THE PROBLEM. Restrict the output to the lines below starting at the one that contains "foldr (\<lambda>l. heis_mult" and ending at the one that contains "by (simp_all add: word_heis_def)", and restate them word for word, both ends included.

Dataset excerpts:
(* Let $\mathbb{F}_2$ be the free group on two generators $x$ and $y$, and let $m,n$ be integers. Then the commutator $[x^m,y^n]=x^my^nx^{-m}y^{-n}$ is a product of two squares in $\mathbb{F}_2$ (i.e. $[x^m,y^n]=a^2b^2$ for some $a,b\in\mathbb{F}_2$) if and only if $mn$ is even.
   Context: For elements $g,h$ of a group, $[g,h]=ghg^{-1}h^{-1}$. *)

theory Defs
  imports "HOL-Algebra.Group"
begin

text \<open>Free group on two generators, built from reduced words.
  A letter is a pair (inverted, generator): generator False is x, True is y;
  inverted = True means the inverse of the generator.\<close>

type_synonym letter2 = "bool \<times> bool"

definition inv_letter :: "letter2 \<Rightarrow> letter2" where
  "inv_letter l = (\<not> fst l, snd l)"

fun reduced :: "letter2 list \<Rightarrow> bool" where
  "reduced [] = True"
| "reduced [a] = True"
| "reduced (a # b # w) = (b \<noteq> inv_letter a \<and> reduced (b # w))"

definition reduce :: "letter2 list \<Rightarrow> letter2 list" where
  "reduce w = foldr (\<lambda>l acc. case acc of [] \<Rightarrow> [l]
                 | h # t \<Rightarrow> (if h = inv_letter l then t else l # acc)) w []"

definition F2 :: "letter2 list monoid" where
  "F2 = \<lparr> carrier = {w. reduced w}, mult = (\<lambda>a b. reduce (a @ b)), one = [] \<rparr>"

definition gen_x :: "letter2 list" where "gen_x = [(False, False)]"
definition gen_y :: "letter2 list" where "gen_y = [(False, True)]"

end

theory Submission
  imports Defs
begin

text \<open>If \<open>m = 2k\<close>, then in any group \<open>[x\<^sup>2\<^sup>k, h] = (x\<^sup>k)\<^sup>2 (h x\<^sup>-\<^sup>k h\<^sup>-\<^sup>1)\<^sup>2\<close>, and symmetrically
  \<open>[g, y\<^sup>2\<^sup>l] = (g y\<^sup>l g\<^sup>-\<^sup>1)\<^sup>2 (y\<^sup>-\<^sup>l)\<^sup>2\<close> if \<open>n = 2l\<close>. Conversely, map \<open>F\<^sub>2\<close> to the integer
  Heisenberg group by \<open>x \<mapsto> (1,0,0)\<close>, \<open>y \<mapsto> (0,1,0)\<close>: the commutator \<open>[x\<^sup>m, y\<^sup>n]\<close> goes to
  the central element \<open>(0,0,mn)\<close>, whereas a product \<open>p\<^sup>2 q\<^sup>2\<close> of two squares can only be
  central if its central coordinate is even.\<close>

lemma (in group) int_pow_double:
  "x \<in> carrier G \<Longrightarrow> x [^] (2 * k :: int) = x [^] k \<otimes> x [^] k"
  unfolding mult_2 by (rule int_pow_mult)

lemma (in group) commutator_square_left:
  assumes "a \<in> carrier G" "h \<in> carrier G"
  shows "a \<otimes> a \<otimes> h \<otimes> inv (a \<otimes> a) \<otimes> inv h
       = a \<otimes> a \<otimes> (h \<otimes> inv a \<otimes> inv h) \<otimes> (h \<otimes> inv a \<otimes> inv h)"
  using assms by (simp add: m_assoc inv_mult_group) (simp add: m_assoc [symmetric])

lemma (in group) commutator_square_right:
  assumes "g \<in> carrier G" "b \<in> carrier G"
  shows "g \<otimes> (b \<otimes> b) \<otimes> inv g \<otimes> inv (b \<otimes> b)
       = (g \<otimes> b \<otimes> inv g) \<otimes> (g \<otimes> b \<otimes> inv g) \<otimes> inv b \<otimes> inv b"
  using assms by (simp add: m_assoc inv_mult_group) (simp add: m_assoc [symmetric])

lemma (in group) commutator_int_pow_two_squares:
  fixes m n :: int
  assumes x: "x \<in> carrier G" and y: "y \<in> carrier G" and even: "even (m * n)"
  shows "\<exists>a\<in>carrier G. \<exists>b\<in>carrier G.
           x [^] m \<otimes> y [^] n \<otimes> x [^] (- m) \<otimes> y [^] (- n) = a \<otimes> a \<otimes> b \<otimes> b"
proof -
  from even consider k where "m = 2 * k" | l where "n = 2 * l"
    by (auto elim!: evenE)
  then show ?thesis
  proof cases
    case 1
    have "x [^] m \<otimes> y [^] n \<otimes> x [^] (- m) \<otimes> y [^] (- n)
        = x [^] k \<otimes> x [^] k \<otimes> (y [^] n \<otimes> inv (x [^] k) \<otimes> inv (y [^] n))
            \<otimes> (y [^] n \<otimes> inv (x [^] k) \<otimes> inv (y [^] n))"
      unfolding int_pow_neg[OF x] int_pow_neg[OF y] 1 int_pow_double[OF x]
      using x y by (rule commutator_square_left[OF int_pow_closed int_pow_closed])
    then show ?thesis using x y by fastforce
  next
    case 2
    have "x [^] m \<otimes> y [^] n \<otimes> x [^] (- m) \<otimes> y [^] (- n)
        = x [^] m \<otimes> y [^] l \<otimes> inv (x [^] m) \<otimes> (x [^] m \<otimes> y [^] l \<otimes> inv (x [^] m))
            \<otimes> inv (y [^] l) \<otimes> inv (y [^] l)"
      unfolding int_pow_neg[OF x] int_pow_neg[OF y] 2 int_pow_double[OF y]
      using x y by (rule commutator_square_right[OF int_pow_closed int_pow_closed])
    then show ?thesis using x y by fastforce
  qed
qed

definition reduce_step :: "letter2 \<Rightarrow> letter2 list \<Rightarrow> letter2 list" where
  "reduce_step l w = (case w of [] \<Rightarrow> [l] | h # t \<Rightarrow> (if h = inv_letter l then t else l # w))"

lemma reduce_eq_foldr: "reduce w = foldr reduce_step w []"
  unfolding reduce_def reduce_step_def by simp

lemma inv_letter_inv_letter [simp]: "inv_letter (inv_letter l) = l"
  by (simp add: inv_letter_def)

lemma reduced_ConsD: "reduced (h # t) \<Longrightarrow> reduced t"
  by (cases t) auto

lemma reduced_reduce_step: "reduced w \<Longrightarrow> reduced (reduce_step l w)"
  by (cases w) (auto simp: reduce_step_def dest: reduced_ConsD)

lemma reduced_foldr_reduce_step: "reduced w \<Longrightarrow> reduced (foldr reduce_step v w)"
  by (induction v) (auto intro: reduced_reduce_step)

lemma foldr_reduce_step_reduced: "reduced w \<Longrightarrow> foldr reduce_step w [] = w"
  by (induction w rule: reduced.induct) (auto simp: reduce_step_def)

lemma reduce_step_inv_letter_cancel:
  assumes "reduced w"
  shows "reduce_step l (reduce_step (inv_letter l) w) = w"
proof (cases w)
  case (Cons h t)
  with assms show ?thesis
    by (cases "h = l"; cases t) (auto simp: reduce_step_def)
qed (simp add: reduce_step_def)

lemma foldr_reduce_step_reduce_step:
  assumes "reduced v" "reduced w"
  shows "foldr reduce_step (reduce_step l v) w = reduce_step l (foldr reduce_step v w)"
proof (cases v)
  case (Cons h t)
  show ?thesis
  proof (cases "h = inv_letter l")
    case True
    have "reduced (foldr reduce_step t w)"
      using assms(2) by (rule reduced_foldr_reduce_step)
    with Cons True show ?thesis
      by (simp add: reduce_step_inv_letter_cancel) (simp add: reduce_step_def)
  next
    case False
    with Cons show ?thesis
      by (simp add: reduce_step_def)
  qed
qed (simp add: reduce_step_def)

lemma foldr_reduce_step_reduce:
  "reduced w \<Longrightarrow> foldr reduce_step (reduce v) w = foldr reduce_step v w"
proof (induction v)
  case (Cons l v)
  have "reduced (foldr reduce_step v [])"
    by (simp add: reduced_foldr_reduce_step)
  with Cons show ?case
    by (simp add: reduce_eq_foldr foldr_reduce_step_reduce_step)
qed (simp add: reduce_eq_foldr)

definition word_inv :: "letter2 list \<Rightarrow> letter2 list" where
  "word_inv w = rev (map inv_letter w)"

lemma foldr_word_inv_cancel:
  "reduced w \<Longrightarrow> foldr reduce_step (word_inv v) (foldr reduce_step v w) = w"
proof (induction v)
  case (Cons l v)
  have "reduced (foldr reduce_step v w)"
    using Cons.prems by (rule reduced_foldr_reduce_step)
  then show ?case
    using reduce_step_inv_letter_cancel[of _ "inv_letter l"] Cons by (simp add: word_inv_def)
qed (simp add: word_inv_def)

lemma carrier_F2: "carrier F2 = {w. reduced w}"
  by (simp add: F2_def)

lemma F2_mult_eq_foldr: "reduced w \<Longrightarrow> v \<otimes>\<^bsub>F2\<^esub> w = foldr reduce_step v w"
  by (simp add: F2_def reduce_eq_foldr foldr_reduce_step_reduced)

lemma group_F2: "group F2"
proof (rule groupI)
  fix u v w
  assume "u \<in> carrier F2" "v \<in> carrier F2" "w \<in> carrier F2"
  then have reduced: "reduced u" "reduced v" "reduced w"
    by (simp_all add: carrier_F2)
  have "u \<otimes>\<^bsub>F2\<^esub> v \<otimes>\<^bsub>F2\<^esub> w = foldr reduce_step (reduce (u @ v)) w"
    using reduced by (simp add: F2_def reduce_eq_foldr foldr_reduce_step_reduced)
  also have "\<dots> = foldr reduce_step u (foldr reduce_step v w)"
    using reduced by (simp add: foldr_reduce_step_reduce)
  also have "\<dots> = u \<otimes>\<^bsub>F2\<^esub> (v \<otimes>\<^bsub>F2\<^esub> w)"
    using reduced by (simp add: F2_mult_eq_foldr reduced_foldr_reduce_step)
  finally show "u \<otimes>\<^bsub>F2\<^esub> v \<otimes>\<^bsub>F2\<^esub> w = u \<otimes>\<^bsub>F2\<^esub> (v \<otimes>\<^bsub>F2\<^esub> w)" .
next
  fix w
  assume "w \<in> carrier F2"
  then have "reduced w"
    by (simp add: carrier_F2)
  then have "reduce (word_inv w) \<otimes>\<^bsub>F2\<^esub> w = []"
    using foldr_word_inv_cancel[of "[]" w]
    by (simp add: F2_mult_eq_foldr foldr_reduce_step_reduce foldr_reduce_step_reduced)
  moreover have "reduce (word_inv w) \<in> carrier F2"
    by (simp add: carrier_F2 reduce_eq_foldr reduced_foldr_reduce_step)
  ultimately show "\<exists>v\<in>carrier F2. v \<otimes>\<^bsub>F2\<^esub> w = \<one>\<^bsub>F2\<^esub>"
    by (auto simp: F2_def)
qed (auto simp: F2_def reduce_eq_foldr reduced_foldr_reduce_step foldr_reduce_step_reduced)

lemma gens_carrier_F2: "gen_x \<in> carrier F2" "gen_y \<in> carrier F2"
  by (simp_all add: carrier_F2 gen_x_def gen_y_def)

text \<open>\<open>(a, b, c)\<close> stands for the unitriangular matrix \<open>[[1, a, c], [0, 1, b], [0, 0, 1]]\<close>.\<close>

fun heis_mult :: "int \<times> int \<times> int \<Rightarrow> int \<times> int \<times> int \<Rightarrow> int \<times> int \<times> int" where
  "heis_mult (a, b, c) (a', b', c') = (a + a', b + b', c + c' + a * b')"

definition heis :: "(int \<times> int \<times> int) monoid" where
  "heis = \<lparr>carrier = UNIV, mult = heis_mult, one = (0, 0, 0)\<rparr>"

lemma heis_mult_assoc: "heis_mult (heis_mult p q) r = heis_mult p (heis_mult q r)"
  by (cases p; cases q; cases r) (simp add: algebra_simps)

lemma heis_mult_zero [simp]: "heis_mult (0, 0, 0) p = p" "heis_mult p (0, 0, 0) = p"
  by (cases p; simp)+

lemma group_heis: "group heis"
proof (rule groupI)
  fix p :: "int \<times> int \<times> int"
  obtain a b c where "p = (a, b, c)"
    by (cases p)
  then show "\<exists>q\<in>carrier heis. q \<otimes>\<^bsub>heis\<^esub> p = \<one>\<^bsub>heis\<^esub>"
    by (intro bexI[of _ "(- a, - b, a * b - c)"]) (auto simp: heis_def)
qed (auto simp: heis_def heis_mult_assoc)

lemma heis_inv: "inv\<^bsub>heis\<^esub> (a, b, c) = (- a, - b, a * b - c)"
  by (rule group.inv_equality[OF group_heis]) (auto simp: heis_def)

lemma heis_nat_pow_x: "(a, 0, 0) [^]\<^bsub>heis\<^esub> (k :: nat) = (int k * a, 0, 0)"
  by (induction k) (simp_all add: heis_def algebra_simps)

lemma heis_nat_pow_y: "(0, b, 0) [^]\<^bsub>heis\<^esub> (k :: nat) = (0, int k * b, 0)"
  by (induction k) (simp_all add: heis_def algebra_simps)

lemma heis_int_pow_x: "(1, 0, 0) [^]\<^bsub>heis\<^esub> (k :: int) = (k, 0, 0)"
  by (simp add: int_pow_def2 heis_nat_pow_x heis_inv)

lemma heis_int_pow_y: "(0, 1, 0) [^]\<^bsub>heis\<^esub> (k :: int) = (0, k, 0)"
  by (simp add: int_pow_def2 heis_nat_pow_y heis_inv)

lemma heis_two_squares_central_even:
  assumes "heis_mult (heis_mult (heis_mult p p) q) q = (0, 0, c)"
  shows "even c"
proof -
  obtain a1 a2 a3 b1 b2 b3 where "p = (a1, a2, a3)" "q = (b1, b2, b3)"
    by (cases p; cases q)
  with assms have "b1 = - a1" "b2 = - a2" "c = 2 * a3 + 2 * b3 + a1 * a2 + 2 * a1 * b2 + (2 * a1 + b1) * b2"
    by (auto simp: algebra_simps)
  then have "c = 2 * (a3 + b3 - a1 * a2)"
    by (simp add: algebra_simps)
  then show ?thesis
    by simp
qed

definition letter_heis :: "letter2 \<Rightarrow> int \<times> int \<times> int" where
  "letter_heis l = (let e = if fst l then -1 else 1 in if snd l then (0, e, 0) else (e, 0, 0))"

definition word_heis :: "letter2 list \<Rightarrow> int \<times> int \<times> int" where
  "word_heis w = foldr (\<lambda>l. heis_mult (letter_heis l)) w (0, 0, 0)"

lemma word_heis_Nil [simp]: "word_heis [] = (0, 0, 0)"
  and word_heis_Cons [simp]: "word_heis (l # w) = heis_mult (letter_heis l) (word_heis w)"
  by (simp_all add: word_heis_def)

lemma word_heis_append: "word_heis (v @ w) = heis_mult (word_heis v) (word_heis w)"
  by (induction v) (simp_all add: heis_mult_assoc)

lemma word_heis_reduce_step: "word_heis (reduce_step l w) = heis_mult (letter_heis l) (word_heis w)"
proof (cases w)
  case (Cons h t)
  have "heis_mult (letter_heis l) (letter_heis (inv_letter l)) = (0, 0, 0)"
    by (cases l) (auto simp: letter_heis_def inv_letter_def)
  with Cons show ?thesis
    by (auto simp: reduce_step_def simp flip: heis_mult_assoc)
qed (simp add: reduce_step_def)

lemma word_heis_reduce: "word_heis (reduce w) = word_heis w"
  by (induction w) (simp_all add: reduce_eq_foldr word_heis_reduce_step)

lemma word_heis_hom: "word_heis \<in> hom F2 heis"
  by (auto simp: hom_def F2_def heis_def word_heis_reduce word_heis_append)

lemma word_heis_gen_x_pow: "word_heis (gen_x [^]\<^bsub>F2\<^esub> (k :: int)) = (k, 0, 0)"
  using hom_int_pow[OF word_heis_hom gens_carrier_F2(1) group_F2 group_heis]
  by (simp add: gen_x_def letter_heis_def heis_int_pow_x)

lemma word_heis_gen_y_pow: "word_heis (gen_y [^]\<^bsub>F2\<^esub> (k :: int)) = (0, k, 0)"
  using hom_int_pow[OF word_heis_hom gens_carrier_F2(2) group_F2 group_heis]
  by (simp add: gen_y_def letter_heis_def heis_int_pow_y)

lemma F2_commutator_two_squares_even:
  fixes m n :: int
  assumes "a \<in> carrier F2" "b \<in> carrier F2"
    and "gen_x [^]\<^bsub>F2\<^esub> m \<otimes>\<^bsub>F2\<^esub> gen_y [^]\<^bsub>F2\<^esub> n
           \<otimes>\<^bsub>F2\<^esub> gen_x [^]\<^bsub>F2\<^esub> (- m) \<otimes>\<^bsub>F2\<^esub> gen_y [^]\<^bsub>F2\<^esub> (- n)
         = a \<otimes>\<^bsub>F2\<^esub> a \<otimes>\<^bsub>F2\<^esub> b \<otimes>\<^bsub>F2\<^esub> b"
  shows "even (m * n)"
proof -
  interpret word_heis: group_hom F2 heis word_heis
    by (simp add: group_hom_def group_hom_axioms_def group_F2 group_heis word_heis_hom)
  have "(0, 0, m * n) = word_heis (gen_x [^]\<^bsub>F2\<^esub> m \<otimes>\<^bsub>F2\<^esub> gen_y [^]\<^bsub>F2\<^esub> n
           \<otimes>\<^bsub>F2\<^esub> gen_x [^]\<^bsub>F2\<^esub> (- m) \<otimes>\<^bsub>F2\<^esub> gen_y [^]\<^bsub>F2\<^esub> (- n))"
    using gens_carrier_F2 by (simp add: word_heis_gen_x_pow word_heis_gen_y_pow heis_def)
  also have "\<dots> = heis_mult (heis_mult (heis_mult (word_heis a) (word_heis a)) (word_heis b)) (word_heis b)"
    using assms by (simp add: heis_def)
  finally show ?thesis
    by (intro heis_two_squares_central_even) simp
qed

theorem theorem1p1:
  fixes m n :: int
  shows "(\<exists>a\<in>carrier F2. \<exists>b\<in>carrier F2.
            gen_x [^]\<^bsub>F2\<^esub> m \<otimes>\<^bsub>F2\<^esub> gen_y [^]\<^bsub>F2\<^esub> n
              \<otimes>\<^bsub>F2\<^esub> gen_x [^]\<^bsub>F2\<^esub> (- m) \<otimes>\<^bsub>F2\<^esub> gen_y [^]\<^bsub>F2\<^esub> (- n)
            = a \<otimes>\<^bsub>F2\<^esub> a \<otimes>\<^bsub>F2\<^esub> b \<otimes>\<^bsub>F2\<^esub> b)
         \<longleftrightarrow> even (m * n)"
  using F2_commutator_two_squares_even
    group.commutator_int_pow_two_squares[OF group_F2 gens_carrier_F2]
  by blast

end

OUTPUT BELOW.
  "word_heis w = foldr (\<lambda>l. heis_mult (letter_heis l)) w (0, 0, 0)"

lemma word_heis_Nil [simp]: "word_heis [] = (0, 0, 0)"
  and word_heis_Cons [simp]: "word_heis (l # w) = heis_mult (letter_heis l) (word_heis w)"
  by (simp_all add: word_heis_def)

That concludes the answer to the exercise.